Task item: Every record must appear in the response exactly as given.

Material supplied:
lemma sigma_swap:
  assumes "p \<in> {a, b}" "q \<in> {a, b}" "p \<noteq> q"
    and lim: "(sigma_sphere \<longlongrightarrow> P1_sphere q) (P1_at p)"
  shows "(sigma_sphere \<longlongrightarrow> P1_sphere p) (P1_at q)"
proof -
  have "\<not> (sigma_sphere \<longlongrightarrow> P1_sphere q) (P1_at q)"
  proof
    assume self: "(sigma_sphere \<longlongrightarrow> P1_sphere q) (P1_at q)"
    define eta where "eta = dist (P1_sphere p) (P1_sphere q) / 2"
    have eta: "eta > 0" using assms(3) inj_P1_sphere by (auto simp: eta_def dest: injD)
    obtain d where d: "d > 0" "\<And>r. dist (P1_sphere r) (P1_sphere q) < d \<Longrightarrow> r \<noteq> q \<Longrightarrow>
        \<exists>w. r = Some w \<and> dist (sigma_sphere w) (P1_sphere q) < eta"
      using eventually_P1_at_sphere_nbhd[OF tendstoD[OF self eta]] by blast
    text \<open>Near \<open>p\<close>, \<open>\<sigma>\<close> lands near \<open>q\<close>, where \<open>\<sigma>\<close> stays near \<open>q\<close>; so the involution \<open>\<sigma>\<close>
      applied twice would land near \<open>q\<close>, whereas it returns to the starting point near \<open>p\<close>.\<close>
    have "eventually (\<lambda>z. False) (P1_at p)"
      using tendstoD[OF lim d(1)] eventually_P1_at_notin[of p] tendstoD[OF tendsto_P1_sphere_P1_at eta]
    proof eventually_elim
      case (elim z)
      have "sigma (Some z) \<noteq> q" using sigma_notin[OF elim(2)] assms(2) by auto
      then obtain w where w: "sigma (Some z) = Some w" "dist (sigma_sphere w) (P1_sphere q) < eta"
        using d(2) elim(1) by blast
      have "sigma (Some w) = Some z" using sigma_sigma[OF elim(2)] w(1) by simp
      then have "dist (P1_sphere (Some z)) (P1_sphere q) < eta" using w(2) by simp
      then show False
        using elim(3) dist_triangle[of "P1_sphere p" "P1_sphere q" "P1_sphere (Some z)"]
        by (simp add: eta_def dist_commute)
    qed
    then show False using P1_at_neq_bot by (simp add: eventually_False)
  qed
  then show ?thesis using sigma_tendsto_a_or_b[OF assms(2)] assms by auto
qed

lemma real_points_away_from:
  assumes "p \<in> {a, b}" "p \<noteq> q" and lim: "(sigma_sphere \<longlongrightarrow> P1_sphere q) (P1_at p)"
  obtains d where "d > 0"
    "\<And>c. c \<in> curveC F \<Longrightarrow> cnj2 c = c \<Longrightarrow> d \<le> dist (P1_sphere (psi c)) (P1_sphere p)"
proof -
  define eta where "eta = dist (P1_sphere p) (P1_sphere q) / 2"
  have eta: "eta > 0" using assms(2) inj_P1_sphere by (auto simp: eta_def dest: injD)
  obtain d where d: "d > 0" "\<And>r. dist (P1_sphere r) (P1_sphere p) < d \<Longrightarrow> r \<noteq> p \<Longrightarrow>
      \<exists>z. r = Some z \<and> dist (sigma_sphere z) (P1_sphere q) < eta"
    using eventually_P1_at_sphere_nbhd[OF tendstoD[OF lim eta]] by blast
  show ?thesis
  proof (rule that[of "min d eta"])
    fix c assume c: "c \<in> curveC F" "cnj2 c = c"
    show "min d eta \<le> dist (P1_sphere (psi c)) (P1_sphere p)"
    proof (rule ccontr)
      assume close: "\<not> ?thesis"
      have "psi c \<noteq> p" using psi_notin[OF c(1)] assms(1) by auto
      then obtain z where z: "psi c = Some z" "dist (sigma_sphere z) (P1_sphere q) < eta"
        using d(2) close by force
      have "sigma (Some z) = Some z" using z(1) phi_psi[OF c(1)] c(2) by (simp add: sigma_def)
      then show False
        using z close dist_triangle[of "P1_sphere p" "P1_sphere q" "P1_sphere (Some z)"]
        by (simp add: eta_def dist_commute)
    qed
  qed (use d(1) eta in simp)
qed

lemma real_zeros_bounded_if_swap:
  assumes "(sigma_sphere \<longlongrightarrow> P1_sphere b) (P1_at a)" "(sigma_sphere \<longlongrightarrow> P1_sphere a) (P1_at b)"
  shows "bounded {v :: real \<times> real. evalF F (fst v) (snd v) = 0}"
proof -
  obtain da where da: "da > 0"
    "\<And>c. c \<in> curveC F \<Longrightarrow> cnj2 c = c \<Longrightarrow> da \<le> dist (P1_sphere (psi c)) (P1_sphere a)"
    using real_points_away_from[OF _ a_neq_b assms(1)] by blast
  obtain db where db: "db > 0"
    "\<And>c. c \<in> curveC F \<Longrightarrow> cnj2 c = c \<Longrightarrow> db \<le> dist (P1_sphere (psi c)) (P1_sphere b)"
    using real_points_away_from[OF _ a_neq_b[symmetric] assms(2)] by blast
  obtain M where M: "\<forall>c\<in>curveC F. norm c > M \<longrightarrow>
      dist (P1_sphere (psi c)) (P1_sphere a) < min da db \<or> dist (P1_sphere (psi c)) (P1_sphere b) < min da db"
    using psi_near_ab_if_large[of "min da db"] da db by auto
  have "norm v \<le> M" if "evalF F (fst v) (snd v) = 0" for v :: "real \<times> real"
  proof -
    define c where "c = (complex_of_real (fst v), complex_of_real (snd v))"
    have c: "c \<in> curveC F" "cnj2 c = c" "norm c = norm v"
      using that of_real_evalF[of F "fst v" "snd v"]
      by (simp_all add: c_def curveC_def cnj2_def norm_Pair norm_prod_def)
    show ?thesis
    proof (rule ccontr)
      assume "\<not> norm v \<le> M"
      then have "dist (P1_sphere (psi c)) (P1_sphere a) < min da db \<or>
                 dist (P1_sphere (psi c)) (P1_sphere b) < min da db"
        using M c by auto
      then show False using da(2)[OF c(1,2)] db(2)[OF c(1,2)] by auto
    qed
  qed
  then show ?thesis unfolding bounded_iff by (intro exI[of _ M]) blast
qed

Problem solution:
lemma sigma_swap:
  assumes "p \<in> {a, b}" "q \<in> {a, b}" "p \<noteq> q"
    and lim: "(sigma_sphere \<longlongrightarrow> P1_sphere q) (P1_at p)"
  shows "(sigma_sphere \<longlongrightarrow> P1_sphere p) (P1_at q)"
proof -
  have "\<not> (sigma_sphere \<longlongrightarrow> P1_sphere q) (P1_at q)"
  proof
    assume self: "(sigma_sphere \<longlongrightarrow> P1_sphere q) (P1_at q)"
    define eta where "eta = dist (P1_sphere p) (P1_sphere q) / 2"
    have eta: "eta > 0" using assms(3) inj_P1_sphere by (auto simp: eta_def dest: injD)
    obtain d where d: "d > 0" "\<And>r. dist (P1_sphere r) (P1_sphere q) < d \<Longrightarrow> r \<noteq> q \<Longrightarrow>
        \<exists>w. r = Some w \<and> dist (sigma_sphere w) (P1_sphere q) < eta"
      using eventually_P1_at_sphere_nbhd[OF tendstoD[OF self eta]] by blast
    text \<open>Near \<open>p\<close>, \<open>\<sigma>\<close> lands near \<open>q\<close>, where \<open>\<sigma>\<close> stays near \<open>q\<close>; so the involution \<open>\<sigma>\<close>
      applied twice would land near \<open>q\<close>, whereas it returns to the starting point near \<open>p\<close>.\<close>
    have "eventually (\<lambda>z. False) (P1_at p)"
      using tendstoD[OF lim d(1)] eventually_P1_at_notin[of p] tendstoD[OF tendsto_P1_sphere_P1_at eta]
    proof eventually_elim
      case (elim z)
      have "sigma (Some z) \<noteq> q" using sigma_notin[OF elim(2)] assms(2) by auto
      then obtain w where w: "sigma (Some z) = Some w" "dist (sigma_sphere w) (P1_sphere q) < eta"
        using d(2) elim(1) by blast
      have "sigma (Some w) = Some z" using sigma_sigma[OF elim(2)] w(1) by simp
      then have "dist (P1_sphere (Some z)) (P1_sphere q) < eta" using w(2) by simp
      then show False
        using elim(3) dist_triangle[of "P1_sphere p" "P1_sphere q" "P1_sphere (Some z)"]
        by (simp add: eta_def dist_commute)
    qed
    then show False using P1_at_neq_bot by (simp add: eventually_False)
  qed
  then show ?thesis using sigma_tendsto_a_or_b[OF assms(2)] assms by auto
qed

lemma real_points_away_from:
  assumes "p \<in> {a, b}" "p \<noteq> q" and lim: "(sigma_sphere \<longlongrightarrow> P1_sphere q) (P1_at p)"
  obtains d where "d > 0"
    "\<And>c. c \<in> curveC F \<Longrightarrow> cnj2 c = c \<Longrightarrow> d \<le> dist (P1_sphere (psi c)) (P1_sphere p)"
proof -
  define eta where "eta = dist (P1_sphere p) (P1_sphere q) / 2"
  have eta: "eta > 0" using assms(2) inj_P1_sphere by (auto simp: eta_def dest: injD)
  obtain d where d: "d > 0" "\<And>r. dist (P1_sphere r) (P1_sphere p) < d \<Longrightarrow> r \<noteq> p \<Longrightarrow>
      \<exists>z. r = Some z \<and> dist (sigma_sphere z) (P1_sphere q) < eta"
    using eventually_P1_at_sphere_nbhd[OF tendstoD[OF lim eta]] by blast
  show ?thesis
  proof (rule that[of "min d eta"])
    fix c assume c: "c \<in> curveC F" "cnj2 c = c"
    show "min d eta \<le> dist (P1_sphere (psi c)) (P1_sphere p)"
    proof (rule ccontr)
      assume close: "\<not> ?thesis"
      have "psi c \<noteq> p" using psi_notin[OF c(1)] assms(1) by auto
      then obtain z where z: "psi c = Some z" "dist (sigma_sphere z) (P1_sphere q) < eta"
        using d(2) close by force
      have "sigma (Some z) = Some z" using z(1) phi_psi[OF c(1)] c(2) by (simp add: sigma_def)
      then show False
        using z close dist_triangle[of "P1_sphere p" "P1_sphere q" "P1_sphere (Some z)"]
        by (simp add: eta_def dist_commute)
    qed
  qed (use d(1) eta in simp)
qed

lemma real_zeros_bounded_if_swap:
  assumes "(sigma_sphere \<longlongrightarrow> P1_sphere b) (P1_at a)" "(sigma_sphere \<longlongrightarrow> P1_sphere a) (P1_at b)"
  shows "bounded {v :: real \<times> real. evalF F (fst v) (snd v) = 0}"
proof -
  obtain da where da: "da > 0"
    "\<And>c. c \<in> curveC F \<Longrightarrow> cnj2 c = c \<Longrightarrow> da \<le> dist (P1_sphere (psi c)) (P1_sphere a)"
    using real_points_away_from[OF _ a_neq_b assms(1)] by blast
  obtain db where db: "db > 0"
    "\<And>c. c \<in> curveC F \<Longrightarrow> cnj2 c = c \<Longrightarrow> db \<le> dist (P1_sphere (psi c)) (P1_sphere b)"
    using real_points_away_from[OF _ a_neq_b[symmetric] assms(2)] by blast
  obtain M where M: "\<forall>c\<in>curveC F. norm c > M \<longrightarrow>
      dist (P1_sphere (psi c)) (P1_sphere a) < min da db \<or> dist (P1_sphere (psi c)) (P1_sphere b) < min da db"
    using psi_near_ab_if_large[of "min da db"] da db by auto
  have "norm v \<le> M" if "evalF F (fst v) (snd v) = 0" for v :: "real \<times> real"
  proof -
    define c where "c = (complex_of_real (fst v), complex_of_real (snd v))"
    have c: "c \<in> curveC F" "cnj2 c = c" "norm c = norm v"
      using that of_real_evalF[of F "fst v" "snd v"]
      by (simp_all add: c_def curveC_def cnj2_def norm_Pair norm_prod_def)
    show ?thesis
    proof (rule ccontr)
      assume "\<not> norm v \<le> M"
      then have "dist (P1_sphere (psi c)) (P1_sphere a) < min da db \<or>
                 dist (P1_sphere (psi c)) (P1_sphere b) < min da db"
        using M c by auto
      then show False using da(2)[OF c(1,2)] db(2)[OF c(1,2)] by auto
    qed
  qed
  then show ?thesis unfolding bounded_iff by (intro exI[of _ M]) blast
qed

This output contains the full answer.